lemma pump:
  assumes "walk G p c y" "walk G y s y" "s \<noteq> []" "c @ s \<in> FN N" "hd s \<noteq> invl (last s)"
  shows "c @ concat (replicate k s) \<in> FN N \<and> walk G p (c @ concat (replicate k s)) y"
proof (induction k)
  case 0
  then show ?case using assms(1,4) by (simp add: FN_append)
next
  case (Suc k)
  have eq: "c @ concat (replicate (Suc k) s) = (c @ concat (replicate k s)) @ s"
    using concat_rep_snoc[of k s] by simp
  have sf: "s \<in> FN N" using assms(4) by (simp add: FN_append)
  have j: "hd s \<noteq> invl (last (c @ concat (replicate k s)))" if "c @ concat (replicate k s) \<noteq> []"
  proof (cases k)
    case 0
    then show ?thesis using that assms(3,4) by (simp add: FN_append)
  next
    case (Suc k')
    have "concat (replicate k s) = concat (replicate k' s) @ s" using Suc concat_rep_snoc[of k' s] by simp
    then show ?thesis using assms(3,5) by simp
  qed
  have "(c @ concat (replicate k s)) @ s \<in> FN N"
    using Suc.IH sf j assms(3) by (simp add: FN_append del: append_assoc)
  moreover have "walk G p ((c @ concat (replicate k s)) @ s) y"
    using Suc.IH assms(2) unfolding walk_append by blast
  ultimately show ?case using eq by simp
qed

lemma len_pump: "s \<noteq> [] \<Longrightarrow> k \<le> length (c @ concat (replicate k s))"
  by (cases s) (auto simp: length_concat sum_list_replicate)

··········

Try it.
Show each line of the material holding "noteq".

Answer to this problem.
  assumes "walk G p c y" "walk G y s y" "s \<noteq> []" "c @ s \<in> FN N" "hd s \<noteq> invl (last s)"
  have j: "hd s \<noteq> invl (last (c @ concat (replicate k s)))" if "c @ concat (replicate k s) \<noteq> []"
lemma len_pump: "s \<noteq> [] \<Longrightarrow> k \<le> length (c @ concat (replicate k s))"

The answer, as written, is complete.